***** DATA UNDER STUDY

text \<open>Classical (unnormalized) Jacobi polynomial P_n^(a,b)(x), Szego (4.3.2):
  sum over k of C(n+a, n-k) C(n+b, k) ((x-1)/2)^k ((x+1)/2)^(n-k).
  It has positive leading coefficient for a, b > -1.\<close>
definition jacobiP :: "real \<Rightarrow> real \<Rightarrow> nat \<Rightarrow> real \<Rightarrow> real" where
  "jacobiP a b n x =
     (\<Sum>k=0..n. ((real n + a) gchoose (n - k)) * ((real n + b) gchoose k)
                 * ((x - 1) / 2) ^ k * ((x + 1) / 2) ^ (n - k))"

definition jacobi_weight :: "real \<Rightarrow> real \<Rightarrow> real \<Rightarrow> real" where
  "jacobi_weight a b x = (1 - x) powr a * (1 + x) powr b"

definition jacobi_p :: "real \<Rightarrow> real \<Rightarrow> nat \<Rightarrow> real \<Rightarrow> real" where
  "jacobi_p a b n x =
     jacobiP a b n x / sqrt (LBINT t=-1..1. (jacobiP a b n t)\<^sup>2 * jacobi_weight a b t)"

definition jacobi_K :: "real \<Rightarrow> real \<Rightarrow> nat \<Rightarrow> real \<Rightarrow> real" where
  "jacobi_K a b n x = (\<Sum>l<n. jacobi_p a b l 1 * jacobi_p a b l x)"

end

(*
  Expanding P_n in the basis (1 - x)^k (1 + x)^(n - k) turns every moment
  of P_n (1 - x)^k (1 + x)^(n - k) against the Jacobi weight into a sum of
  Beta integrals.  Written with Gamma functions, that sum is an n-th finite
  difference of a polynomial of degree n, so it equals (-1)^k times a constant
  independent of k.  Summing against the coefficients of P_n (Vandermonde)
  gives the classical squared norm h_n, and with P_n(1) = C(n + a, n) one gets
  p_n(1)^2 in closed form; K_n(1) = sum of p_l(1)^2 then has the closed form
  n (n + b) Gamma(n+a+b+1) Gamma(n+a+1) / (2^(a+b+1) Gamma(a+1) Gamma(a+2) n! Gamma(n+b+1))
  by induction.  Both closed forms are the claimed main terms times the two
  ratios Gamma(x + a) / (Gamma x n^a) with x = n + 1 and x = n + b + 1, and the
  log-convexity of Gamma bounds these ratios by absolute constants as soon as
  n >= (a + |b|)^2.
*)

theory Submission
  imports Defs "HOL-Computational_Algebra.Formal_Power_Series" "HOL-Computational_Algebra.Polynomial"
begin
(* Let $\mathbb{F}_q$ be a finite field with $\mathrm{char}(\mathbb{F}_q)>3$ and $3\mid q-1$, and let $z\in\mathbb{F}_q^\times$ be a non-cube. Then $\mathfrak{sl}_3(\mathbb{F}_q)$ has exactly two $J_3$-decompositions up to conjugacy, represented by $J_3(1,1)$ and $J_3(1,z)$. More precisely: $J_3(1,z^2)$ is conjugate to $J_3(1,z)$, $J_3(1,z)$ is not conjugate to $J_3(1,1)$, and every $J_3(a,b)$ with $a,b\in\mathbb{F}_q^\times$ is conjugate to one of $J_3(1,1)$, $J_3(1,z)$.
   Context: $\mathfrak{sl}_3(\mathbb{F}_q)$ is the Lie algebra of $3\times3$ traceless matrices over $\mathbb{F}_q$. Fix a primitive cube root of unity $u\in\mathbb{F}_q$. For nonzero $a,b\in\mathbb{F}_q$, $J_3(a,b)$ denotes the decomposition $\mathfrak{sl}_3(\mathbb{F}_q)=H_0\oplus H_1\oplus H_2\oplus H_3$, where $H_0$ is the subalgebra of traceless diagonal matrices and, for $j=1,2,3$ with $(\lambda_j,\mu_j)=(1,1),(u,u^2),(u^2,u)$ respectively, $H_j=\left\langle \begin{pmatrix}0&1&0\\0&0&\lambda_j a\\ \mu_j ab&0&0\end{pmatrix},\begin{pmatrix}0&0&1\\ \mu_j ab&0&0\\0&\lambda_j b&0\end{pmatrix}\right\rangle_{\mathbb{F}_q}$. A $J_3$-decomposition is any decomposition $J_3(a,b)$ with $a,b\in\mathbb{F}_q^\times$. Two such decompositions are conjugate if there is a Lie algebra automorphism of $\mathfrak{sl}_3(\mathbb{F}_q)$ mapping each component of the first onto exactly one component of the second. *)

theory Defs
  imports "HOL-Analysis.Analysis"
begin

definition sl3 :: "('a::field ^ 3 ^ 3) set" where
  "sl3 = {A. trace A = 0}"

definition lie_bracket :: "'a::field ^ 3 ^ 3 \<Rightarrow> 'a ^ 3 ^ 3 \<Rightarrow> 'a ^ 3 ^ 3" where
  "lie_bracket A B = A ** B - B ** A"

definition msmult :: "'a::field \<Rightarrow> 'a ^ 3 ^ 3 \<Rightarrow> 'a ^ 3 ^ 3" where
  "msmult c A = (\<chi> i j. c * A $ i $ j)"

definition lie_aut_sl3 :: "('a::field ^ 3 ^ 3 \<Rightarrow> 'a ^ 3 ^ 3) \<Rightarrow> bool" where
  "lie_aut_sl3 f \<longleftrightarrow>
     bij_betw f sl3 sl3 \<and>
     (\<forall>A\<in>sl3. \<forall>B\<in>sl3. f (A + B) = f A + f B) \<and>
     (\<forall>c. \<forall>A\<in>sl3. f (msmult c A) = msmult c (f A)) \<and>
     (\<forall>A\<in>sl3. \<forall>B\<in>sl3. f (lie_bracket A B) = lie_bracket (f A) (f B))"

definition span2 :: "'a::field ^ 3 ^ 3 \<Rightarrow> 'a ^ 3 ^ 3 \<Rightarrow> ('a ^ 3 ^ 3) set" where
  "span2 X Y = {msmult c X + msmult d Y | c d. True}"

definition diag0 :: "('a::field ^ 3 ^ 3) set" where
  "diag0 = {A. trace A = 0 \<and> (\<forall>i j. i \<noteq> j \<longrightarrow> A $ i $ j = 0)}"

definition J3X :: "'a::field \<Rightarrow> 'a \<Rightarrow> 'a \<Rightarrow> 'a \<Rightarrow> 'a ^ 3 ^ 3" where
  "J3X lam mu a b = vector [vector [0, 1, 0], vector [0, 0, lam * a], vector [mu * a * b, 0, 0]]"

definition J3Y :: "'a::field \<Rightarrow> 'a \<Rightarrow> 'a \<Rightarrow> 'a \<Rightarrow> 'a ^ 3 ^ 3" where
  "J3Y lam mu a b = vector [vector [0, 0, 1], vector [mu * a * b, 0, 0], vector [0, lam * b, 0]]"

definition J3 :: "'a::field \<Rightarrow> 'a \<Rightarrow> 'a \<Rightarrow> nat \<Rightarrow> ('a ^ 3 ^ 3) set" where
  "J3 u a b j =
     (if j = 0 then diag0
      else if j = 1 then span2 (J3X 1 1 a b) (J3Y 1 1 a b)
      else if j = 2 then span2 (J3X u (u^2) a b) (J3Y u (u^2) a b)
      else span2 (J3X (u^2) u a b) (J3Y (u^2) u a b))"

definition decomp_conj :: "(nat \<Rightarrow> ('a::field ^ 3 ^ 3) set) \<Rightarrow> (nat \<Rightarrow> ('a ^ 3 ^ 3) set) \<Rightarrow> bool" where
  "decomp_conj D E \<longleftrightarrow>
     (\<exists>f. lie_aut_sl3 f \<and> (\<forall>i\<in>{0..3}. \<exists>!j. j \<in> {0..3} \<and> f ` D i = E j))"

end

theory Submission
  imports Defs
begin

text \<open>Conjugating by a diagonal matrix rescales the two generators of every component of
  \<open>J\<^sub>3(a,b)\<close>, and shows that \<open>J\<^sub>3(a,b)\<close> and \<open>J\<^sub>3(a',b')\<close> are conjugate
  whenever \<open>a\<^sup>2b / a'\<^sup>2b'\<close> is a cube; swapping the last two coordinates exchanges \<open>a\<close> and \<open>b\<close>.
  As the cube map on \<open>\<bbbF>\<^sub>q\<^sup>\<times>\<close> is three-to-one, the cubes form a subgroup of index 3 with
  coset representatives \<open>1, z, z\<^sup>2\<close>, which gives the first and the last claim.

  For the second claim, every component of \<open>J\<^sub>3(1,1)\<close> contains an element whose adjoint
  action has a nonzero eigenvalue, a property preserved by automorphisms. The component
  \<open>H\<^sub>1\<close> of \<open>J\<^sub>3(1,z)\<close> however lies in the field \<open>\<bbbF>\<^sub>q(\<theta>)\<close>, \<open>\<theta>\<^sup>3 = z\<close>, realised
  as matrices: if \<open>[A, B] = c B\<close> with \<open>c \<noteq> 0\<close>, then \<open>B p(A + c) = p(A) B = 0\<close> for the
  characteristic polynomial \<open>p\<close> of \<open>A\<close>, and \<open>p(A + c)\<close> is a nonzero, hence invertible,
  element of that field, so \<open>B = 0\<close>.\<close>

lemma matrix_add_rdistrib: "(A + B) ** C = A ** C + B ** C"
  for A B :: "'a::semiring_1 ^ 'n ^ 'm" and C :: "'a ^ 'p ^ 'n"
  by (simp add: vec_eq_iff matrix_matrix_mult_def distrib_right sum.distrib)

lemma matrix_diff_ldistrib: "A ** (B - C) = A ** B - A ** C"
  for A :: "'a::ring_1 ^ 'n ^ 'm" and B C :: "'a ^ 'p ^ 'n"
  by (simp add: vec_eq_iff matrix_matrix_mult_def right_diff_distrib sum_subtractf)

lemma matrix_diff_rdistrib: "(A - B) ** C = A ** C - B ** C"
  for A B :: "'a::ring_1 ^ 'n ^ 'm" and C :: "'a ^ 'p ^ 'n"
  by (simp add: vec_eq_iff matrix_matrix_mult_def left_diff_distrib sum_subtractf)

lemma matrix_mult_3_entry:
  "(A ** B) $ i $ j = A$i$1 * B$1$j + A$i$2 * B$2$j + A$i$3 * B$3$j"
  for A :: "'a::semiring_1 ^ 3 ^ 'm" and B :: "'a ^ 'n ^ 3"
  by (simp add: matrix_matrix_mult_def sum_3)

lemma trace_3: "trace A = A$1$1 + A$2$2 + A$3$3"
  for A :: "'a::semiring_1 ^ 3 ^ 3"
  by (simp add: trace_def sum_3)

lemma msmult_entry [simp]: "msmult c A $ i $ j = c * A$i$j"
  by (simp add: msmult_def)

lemma msmult_eq_mat_mult: "msmult c A = mat c ** A"
  by (simp add: vec_eq_iff forall_3 matrix_mult_3_entry mat_def)

lemma msmult_eq_mult_mat: "msmult c A = A ** mat c"
  by (simp add: vec_eq_iff forall_3 matrix_mult_3_entry mat_def)

lemma msmult_matrix_mult_left: "msmult c A ** B = msmult c (A ** B)"
  by (simp add: msmult_eq_mat_mult matrix_mul_assoc)

lemma msmult_matrix_mult_right: "A ** msmult c B = msmult c (A ** B)"
  by (simp add: msmult_eq_mult_mat matrix_mul_assoc)

lemma msmult_eq_0_iff: "msmult c A = 0 \<longleftrightarrow> c = 0 \<or> A = 0"
  by (auto simp: vec_eq_iff)

lemma trace_msmult: "trace (msmult c A) = c * trace A"
  by (simp add: trace_3 algebra_simps)

lemma trace_lie_bracket: "trace (lie_bracket A B) = 0"
  by (simp add: lie_bracket_def trace_sub trace_mul_sym[of A B])

lemma span2_subset_sl3: "X \<in> sl3 \<Longrightarrow> Y \<in> sl3 \<Longrightarrow> span2 X Y \<subseteq> sl3"
  by (auto simp: span2_def sl3_def trace_add trace_msmult)

lemma span2_msmult:
  assumes "k \<noteq> 0" "l \<noteq> 0"
  shows "span2 (msmult k X) (msmult l Y) = span2 X Y"
proof -
  have "msmult c (msmult k X) + msmult d (msmult l Y) = msmult (c * k) X + msmult (d * l) Y"
    for c d by (simp add: vec_eq_iff)
  moreover have "msmult c X + msmult d Y = msmult (c / k) (msmult k X) + msmult (d / l) (msmult l Y)"
    for c d using assms by (simp add: vec_eq_iff)
  ultimately show ?thesis
    unfolding span2_def by blast
qed

lemma span2_commute: "span2 X Y = span2 Y X"
  unfolding span2_def by (metis add.commute)

lemma image_span2:
  assumes "\<And>c d. f (msmult c X + msmult d Y) = msmult c (f X) + msmult d (f Y)"
  shows "f ` span2 X Y = span2 (f X) (f Y)"
proof -
  have "f ` span2 X Y = (\<lambda>(c, d). f (msmult c X + msmult d Y)) ` UNIV"
    unfolding span2_def by auto
  also have "\<dots> = (\<lambda>(c, d). msmult c (f X) + msmult d (f Y)) ` UNIV"
    using assms by simp
  also have "\<dots> = span2 (f X) (f Y)"
    unfolding span2_def by auto
  finally show ?thesis .
qed

definition diag_mat :: "'a::zero ^ 'n \<Rightarrow> 'a ^ 'n ^ 'n" where
  "diag_mat d = (\<chi> i j. if i = j then d $ i else 0)"

lemma diag_mat_entry [simp]: "diag_mat d $ i $ j = (if i = j then d $ i else 0)"
  by (simp add: diag_mat_def)

definition mat_conj :: "'a::field ^ 3 ^ 3 \<Rightarrow> 'a ^ 3 ^ 3 \<Rightarrow> 'a ^ 3 ^ 3 \<Rightarrow> 'a ^ 3 ^ 3" where
  "mat_conj g h A = g ** A ** h"

lemma mat_conj_add: "mat_conj g h (A + B) = mat_conj g h A + mat_conj g h B"
  by (simp add: mat_conj_def matrix_add_ldistrib matrix_add_rdistrib)
lemma Re_gt_norm_if_Re_add_mult_pos:
  fixes a b :: complex
  assumes "\<And>\<epsilon>. norm \<epsilon> \<le> 1 \<Longrightarrow> Re (a + \<epsilon> * b) > 0"
  shows "Re a > norm b"
proof (cases "b = 0")
  case True
  then show ?thesis
    using assms[of 0] by simp
next
  case False
  have "norm (- of_real (norm b) / b) \<le> 1" "- of_real (norm b) / b * b = - of_real (norm b)"
    using False by (simp_all add: norm_divide)
  then show ?thesis
    using assms[of "- of_real (norm b) / b"] by simp
qed

lemma Re_deriv_gt_norm_deriv_if_in_RH0:
  assumes "0 \<le> lam" "lam < \<gamma>" "\<gamma> \<le> \<delta>" "in_RH0 \<gamma> \<delta> lam s t" "z \<in> unit_disc"
  shows "Re (deriv s z) > norm (deriv t z)"
proof (rule Re_gt_norm_if_Re_add_mult_pos)
  fix \<epsilon> :: complex assume "norm \<epsilon> \<le> 1"
  have hol: "s holomorphic_on unit_disc" "t holomorphic_on unit_disc"
    and RH0: "\<And>z. z \<in> unit_disc \<Longrightarrow> Re (Lop \<gamma> \<delta> s z - of_real lam) > norm (Lop \<gamma> \<delta> t z)"
    using \<open>in_RH0 \<gamma> \<delta> lam s t\<close> by (auto simp: in_RH0_def in_H0_def)
  have hol_derivs: "(deriv ^^ k) s holomorphic_on unit_disc" "(deriv ^^ k) t holomorphic_on unit_disc" for k
    using hol by (auto intro: holomorphic_higher_deriv)
  have has_deriv: "((deriv ^^ k) h has_field_derivative (deriv ^^ Suc k) h z) (at z)"
    if "(deriv ^^ k) h holomorphic_on unit_disc" "z \<in> unit_disc" for h k z
    using that by (auto intro!: holomorphic_derivI)
  define F where "F k z = (deriv ^^ k) s z + \<epsilon> * (deriv ^^ k) t z" for k z
  have F: "(F k has_field_derivative F (Suc k) z) (at z)" if "z \<in> unit_disc" for k z
    using has_deriv[OF hol_derivs(1) that, of k] has_deriv[OF hol_derivs(2) that, of k]
    unfolding F_def by (auto intro!: derivative_eq_intros simp del: funpow.simps)
  have "Re (Lop \<gamma> \<delta> s z + \<epsilon> * Lop \<gamma> \<delta> t z) > 0" if "z \<in> unit_disc" for z
  proof -
    have "norm (\<epsilon> * Lop \<gamma> \<delta> t z) \<le> norm (Lop \<gamma> \<delta> t z)"
      using \<open>norm \<epsilon> \<le> 1\<close> by (simp add: norm_mult mult_left_le_one_le)
    then show ?thesis
      using RH0[OF that] \<open>0 \<le> lam\<close> abs_Re_le_cmod[of "\<epsilon> * Lop \<gamma> \<delta> t z"] by simp
  qed
  moreover have "Lop \<gamma> \<delta> s z + \<epsilon> * Lop \<gamma> \<delta> t z =
      of_real \<gamma> * F 1 z + of_real \<delta> * z * F 2 z + of_real ((\<delta> - \<gamma>) / 2) * z ^ 2 * F 3 z" for z
    by (simp add: Lop_def F_def field_simps)
  ultimately have "Re (F 1 z) > 0"
    using \<open>0 \<le> lam\<close> \<open>lam < \<gamma>\<close> \<open>\<gamma> \<le> \<delta>\<close> \<open>z \<in> unit_disc\<close> F
    by (intro Re_pos_if_Re_euler_operator_pos[of \<gamma> \<delta> 1 "F 1" "F 2" "F 3"]) (auto simp: numeral_eq_Suc)
  then show "Re (deriv s z + \<epsilon> * deriv t z) > 0"
    by (simp add: F_def)
qed

lemma inner_diff_harm_pos:
  assumes "open S" "convex S" "s holomorphic_on S" "t holomorphic_on S"
    and deriv_gt: "\<And>z. z \<in> S \<Longrightarrow> Re (deriv s z) > norm (deriv t z)"
    and "z1 \<in> S" "z2 \<in> S" "z1 \<noteq> z2"
  shows "inner (z2 - z1) (harm s t z2 - harm s t z1) > 0"
proof -
  define w where "w = z2 - z1"
  \<comment> \<open>\<open>Re (K z) = \<langle>w, harm s t z\<rangle>\<close>, because \<open>\<langle>w, cnj b\<rangle> = Re (w b)\<close>.\<close>
  define K where "K \<zeta> = cnj w * s \<zeta> + w * t \<zeta>" for \<zeta>
  define K' where "K' \<zeta> = cnj w * deriv s \<zeta> + w * deriv t \<zeta>" for \<zeta>
  define u where "u x = z1 + of_real x * w" for x
  have u: "u x \<in> S" if "0 \<le> x" "x \<le> 1" for x
  proof -
    have "u x = (1 - x) *\<^sub>R z1 + x *\<^sub>R z2"
      by (simp add: u_def w_def scaleR_conv_of_real algebra_simps)
    then show ?thesis
      using convexD_alt[OF \<open>convex S\<close> \<open>z1 \<in> S\<close> \<open>z2 \<in> S\<close> that] by simp
  qed
  have holomorphic_deriv_at: "(h has_field_derivative deriv h z) (at z)"
    if "h holomorphic_on S" "z \<in> S" for h z
    using that \<open>open S\<close> by (auto intro: holomorphic_derivI)
  have "((\<lambda>x. Re (K (u x))) has_real_derivative Re (K' (u x) * w)) (at x)"
    if "0 \<le> x" "x \<le> 1" for x
    unfolding u_def K_def K'_def
    using holomorphic_deriv_at[OF \<open>s holomorphic_on S\<close> u[OF that]]
      holomorphic_deriv_at[OF \<open>t holomorphic_on S\<close> u[OF that]]
    by (intro has_real_derivative_Re_along_line) (auto simp: u_def intro!: derivative_eq_intros)
  moreover have deriv_pos: "Re (K' (u x) * w) > 0" if "0 \<le> x" "x \<le> 1" for x
  proof -
    have "K' (u x) * w = (cnj w * w) * deriv s (u x) + w * w * deriv t (u x)"
      by (simp add: K'_def algebra_simps)
    also have "cnj w * w = of_real ((norm w)\<^sup>2)"
      by (simp only: complex_norm_square mult.commute)
    finally have "K' (u x) * w = of_real ((norm w)\<^sup>2) * deriv s (u x) + w * w * deriv t (u x)" .
    moreover have "Re (w * w * deriv t (u x)) \<ge> - ((norm w)\<^sup>2 * norm (deriv t (u x)))"
      using abs_Re_le_cmod[of "w * w * deriv t (u x)"] by (simp add: norm_mult power2_eq_square)
    moreover have "(norm w)\<^sup>2 * norm (deriv t (u x)) < (norm w)\<^sup>2 * Re (deriv s (u x))"
      using deriv_gt[OF u[OF that]] \<open>z1 \<noteq> z2\<close> by (simp add: w_def)
    ultimately show ?thesis
      by simp
  qed
  ultimately obtain \<xi> where "0 < \<xi>" "\<xi> < 1"
    and "Re (K (u 1)) - Re (K (u 0)) = Re (K' (u \<xi>) * w)"
    using MVT2[of 0 1 "\<lambda>x. Re (K (u x))" "\<lambda>x. Re (K' (u x) * w)"] by force
  moreover have "Re (K (u 1)) - Re (K (u 0)) = inner (z2 - z1) (harm s t z2 - harm s t z1)"
    by (simp add: u_def w_def K_def harm_def inner_complex_def algebra_simps)
  ultimately show ?thesis
    using deriv_pos[of \<xi>] by simp
qed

**********

> _TRY IT_: In the data above, which lines lie between the line with "0 \<and> (\<forall>i" and the line with "1, 0], vector", inclusive? Print those lines exactly and nothing else.

> _OUTPUT FOR THIS TASK_:
  "diag0 = {A. trace A = 0 \<and> (\<forall>i j. i \<noteq> j \<longrightarrow> A $ i $ j = 0)}"

definition J3X :: "'a::field \<Rightarrow> 'a \<Rightarrow> 'a \<Rightarrow> 'a \<Rightarrow> 'a ^ 3 ^ 3" where
  "J3X lam mu a b = vector [vector [0, 1, 0], vector [0, 0, lam * a], vector [mu * a * b, 0, 0]]"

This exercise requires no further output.